lemma measure_uniform_cball_le:
  fixes C :: "'a::euclidean_space set"
  assumes "C \<in> sets borel" "emeasure lborel C = ennreal V" "0 < V" "0 \<le> \<rho>"
  shows "measure (uniform_measure lborel C) (cball x \<rho>) \<le> (\<rho> / unit_vol_radius TYPE('a)) ^ DIM('a) / V"
  using assms unit_vol_radius_pos[where 'a='a]
  by (intro measure_uniform_measure_lborel_le) (auto simp: emeasure_cball_unit_vol_radius)

lemma measure_uniform_lens_le:
  fixes C :: "'a::euclidean_space set"
  assumes "C \<in> sets borel" "emeasure lborel C = ennreal V" "0 < V"
    and "0 \<le> t" "t \<le> 2 * R" "t \<le> dist y z"
  shows "measure (uniform_measure lborel C) (cball y R \<inter> cball z R) \<le>
    (sqrt (R\<^sup>2 - t\<^sup>2 / 4) / unit_vol_radius TYPE('a)) ^ DIM('a) / V"
proof -
  interpret prob_space "uniform_measure lborel C"
    using assms(2,3) by (intro prob_space_uniform_measure) auto
  have "t\<^sup>2 \<le> (2 * R)\<^sup>2"
    using assms(4,5) by (intro power_mono)
  then have "0 \<le> sqrt (R\<^sup>2 - t\<^sup>2 / 4)"
    by (simp add: power_mult_distrib)
  have "measure (uniform_measure lborel C) (cball y R \<inter> cball z R) \<le>
      measure (uniform_measure lborel C) (cball (midpoint y z) (sqrt (R\<^sup>2 - t\<^sup>2 / 4)))"
    by (rule finite_measure_mono[OF cball_inter_cball_subset_cball_midpoint[OF assms(4,6)]]) simp
  also have "\<dots> \<le> (sqrt (R\<^sup>2 - t\<^sup>2 / 4) / unit_vol_radius TYPE('a)) ^ DIM('a) / V"
    by (rule measure_uniform_cball_le[OF assms(1-3)]) fact
  finally show ?thesis .
qed

lemma uniform_measure_ball_bounds:
  fixes C :: "'a::euclidean_space set" and y z :: 'a
  assumes "1000 \<le> DIM('a)" "C \<in> sets borel" "emeasure lborel C = ennreal V" "0 < V"
  defines "n \<equiv> DIM('a)" and "r \<equiv> unit_vol_radius TYPE('a)" and "M \<equiv> uniform_measure lborel C"
  defines "t \<equiv> 4 * r * ln (real n) / sqrt (real n)"
  shows "measure M (ball y t) \<le> 1 / target_degree n / V"
    and "measure M (cball y (2 * r)) \<le> 2 ^ n / V"
    and "measure M (cball y (4 * r)) \<le> 4 ^ n / V"
    and "t \<le> dist y z \<Longrightarrow>
      measure M (cball y (2 * r) \<inter> cball z (2 * r)) \<le> 2 ^ n * exp (- (ln (real n))\<^sup>2 / 2) / V"
proof -
  have r: "0 < r"
    by (simp add: r_def unit_vol_radius_pos)
  have t: "0 \<le> t"
    using r assms(1) by (simp add: t_def n_def)
  show "measure M (ball y t) \<le> 1 / target_degree n / V"
    unfolding M_def using assms(2-4) t small_ball_radius_power[OF r, of n]
    by (intro measure_uniform_measure_lborel_le)
      (auto simp: emeasure_ball_unit_vol_radius r_def n_def t_def target_degree_nonneg)
  show "measure M (cball y (2 * r)) \<le> 2 ^ n / V"
    using measure_uniform_cball_le[OF assms(2-4), of "2 * r" y] r by (simp add: M_def r_def n_def)
  show "measure M (cball y (4 * r)) \<le> 4 ^ n / V"
    using measure_uniform_cball_le[OF assms(2-4), of "4 * r" y] r by (simp add: M_def r_def n_def)
  have "ln (real n) \<le> sqrt (real n)"
    using ln_le_sqrt[of "real n"] ln_bounds(1)[of n] assms(1) unfolding n_def by linarith
  then have "4 * r * (ln (real n) / sqrt (real n)) \<le> 4 * r * 1"
    using r assms(1) by (intro mult_left_mono) (auto simp: n_def)
  then have t_le: "t \<le> 2 * (2 * r)"
    by (simp add: t_def)
  assume "t \<le> dist y z"
  then have "measure M (cball y (2 * r) \<inter> cball z (2 * r)) \<le> (sqrt ((2 * r)\<^sup>2 - t\<^sup>2 / 4) / r) ^ n / V"
    using measure_uniform_lens_le[OF assms(2-4) t t_le] unfolding M_def r_def n_def by blast
  also have "\<dots> \<le> 2 ^ n * exp (- (ln (real n))\<^sup>2 / 2) / V"
    using lens_radius_power_le[of n r] assms(1,4) r unfolding t_def n_def by (intro divide_right_mono) auto
  finally show "measure M (cball y (2 * r) \<inter> cball z (2 * r)) \<le> 2 ^ n * exp (- (ln (real n))\<^sup>2 / 2) / V" .
qed

lemma sample_size_after_deletion:
  fixes \<Delta> V N d :: real
  assumes "0 \<le> \<Delta>" "0 \<le> V" "\<Delta> * (1 - 1 / (2 * d)) / 2 ^ n * V \<le> N" "1 \<le> d"
  shows "(1 - 1 / d) * (\<Delta> / 2 ^ n) * V \<le> N * (1 - 1 / (2 * d))"
proof -
  have "1 - 2 * (1 / (2 * d)) \<le> (1 - 1 / (2 * d))\<^sup>2"
    unfolding power2_diff by simp
  then have "(1 - 1 / d) * (\<Delta> / 2 ^ n * V) \<le> (1 - 1 / (2 * d))\<^sup>2 * (\<Delta> / 2 ^ n * V)"
    using assms(1,2,4) by (intro mult_right_mono) auto
  also have "\<dots> = (1 - 1 / (2 * d)) * (\<Delta> * (1 - 1 / (2 * d)) / 2 ^ n * V)"
    by (simp add: power2_eq_square)
  also have "\<dots> \<le> (1 - 1 / (2 * d)) * N"
    using assms(3,4) by (intro mult_left_mono) auto
  finally show ?thesis
    by (simp add: mult.commute mult.assoc)
qed

lemma exists_sparse_ball_graph_in_borel:
  fixes C :: "'a::euclidean_space set"
  assumes "1000 \<le> DIM('a)" "C \<in> sets borel" "emeasure lborel C = ennreal V" "0 < V"
  defines "n \<equiv> DIM('a)" and "r \<equiv> unit_vol_radius TYPE('a)"
  shows "\<exists>X \<subseteq> C. finite X \<and> (1 - 1 / real n) * (target_degree n / 2 ^ n) * V \<le> real (card X) \<and>
    real (max_degree X r) \<le> target_degree n \<and>
    real (max_codegree X r) \<le> target_degree n * exp (- (ln (real n))\<^sup>2 / 8)"
proof -
  define t where "t = 4 * r * ln (real n) / sqrt (real n)"
  define N where "N = nat \<lceil>target_degree n * (1 - 1 / (2 * real n)) / 2 ^ n * V\<rceil>"
  have n: "1000 \<le> n"
    using assms(1) by (simp add: n_def)
  have "0 < target_degree n * (1 - 1 / (2 * real n)) / 2 ^ n * V"
    using target_degree_pos[OF n] n assms(4) by simp
  then have N: "target_degree n * (1 - 1 / (2 * real n)) / 2 ^ n * V \<le> real N"
    "real (N - 1) \<le> target_degree n * (1 - 1 / (2 * real n)) / 2 ^ n * V" "real (N - 2) \<le> real (N - 1)"
    unfolding N_def by (linarith, simp add: of_nat_diff, linarith, simp)
  have "0 < t"
    using n unit_vol_radius_pos[where 'a='a] ln_bounds(1)[OF n] by (simp add: t_def r_def)
  then interpret random_ball_graph_deletion C r t "target_degree n"
      "target_degree n * exp (- (ln (real n))\<^sup>2 / 8)" "uniform_measure lborel C"
    using assms(2-4)
    by (simp add: random_ball_graph_deletion_def ball_graph_deletion_def iid_points_def iid_points_axioms_def
        random_ball_graph_deletion_axioms_def prob_space_uniform_measure emeasure_uniform_measure)
  note bounds = uniform_measure_ball_bounds[OF assms(1-4), folded n_def r_def, folded t_def]
  txt \<open>The exponential-moment parameters \<open>s = 1 / (4 n)\<close> and \<open>s' = 3 (log n)\<^sup>2 / 8\<close> of the
    two Chernoff bounds are the paper's choices; with them every point is bad with probability at
    most \<open>1 / (2 n)\<close>.\<close>
  have "\<exists>X \<subseteq> C. finite X \<and> real (card {..<N}) * (1 - 1 / (2 * real n)) \<le> real (card X) \<and>
      real (max_degree X r) \<le> target_degree n \<and>
      real (max_codegree X r) \<le> target_degree n * exp (- (ln (real n))\<^sup>2 / 8)"
    using deletion_budget[OF n assms(4) _ N(2) _ N(3)]
    by (intro exists_sparse_subset[where s = "1 / (4 * real n)" and s' = "3 * (ln (real n))\<^sup>2 / 8",
          OF _ _ _ _ _ bounds(1,2) bounds(4) bounds(3)])
      (auto simp: target_degree_nonneg)
  then obtain X where "X \<subseteq> C" "finite X" "real N * (1 - 1 / (2 * real n)) \<le> real (card X)"
    "real (max_degree X r) \<le> target_degree n"
    "real (max_codegree X r) \<le> target_degree n * exp (- (ln (real n))\<^sup>2 / 8)"
    by auto
  moreover have "(1 - 1 / real n) * (target_degree n / 2 ^ n) * V \<le> real N * (1 - 1 / (2 * real n))"
    using sample_size_after_deletion[OF target_degree_nonneg _ N(1)] assms(4) n by simp
  ultimately show ?thesis
    by (intro exI[of _ X]) auto
qed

------------------------------------------------------------------------

**Prompt**
Every line containing the string "lemma" should be pulled from the listing and copied.

**Reply to the task**
lemma measure_uniform_cball_le:
lemma measure_uniform_lens_le:
lemma uniform_measure_ball_bounds:
lemma sample_size_after_deletion:
lemma exists_sparse_ball_graph_in_borel:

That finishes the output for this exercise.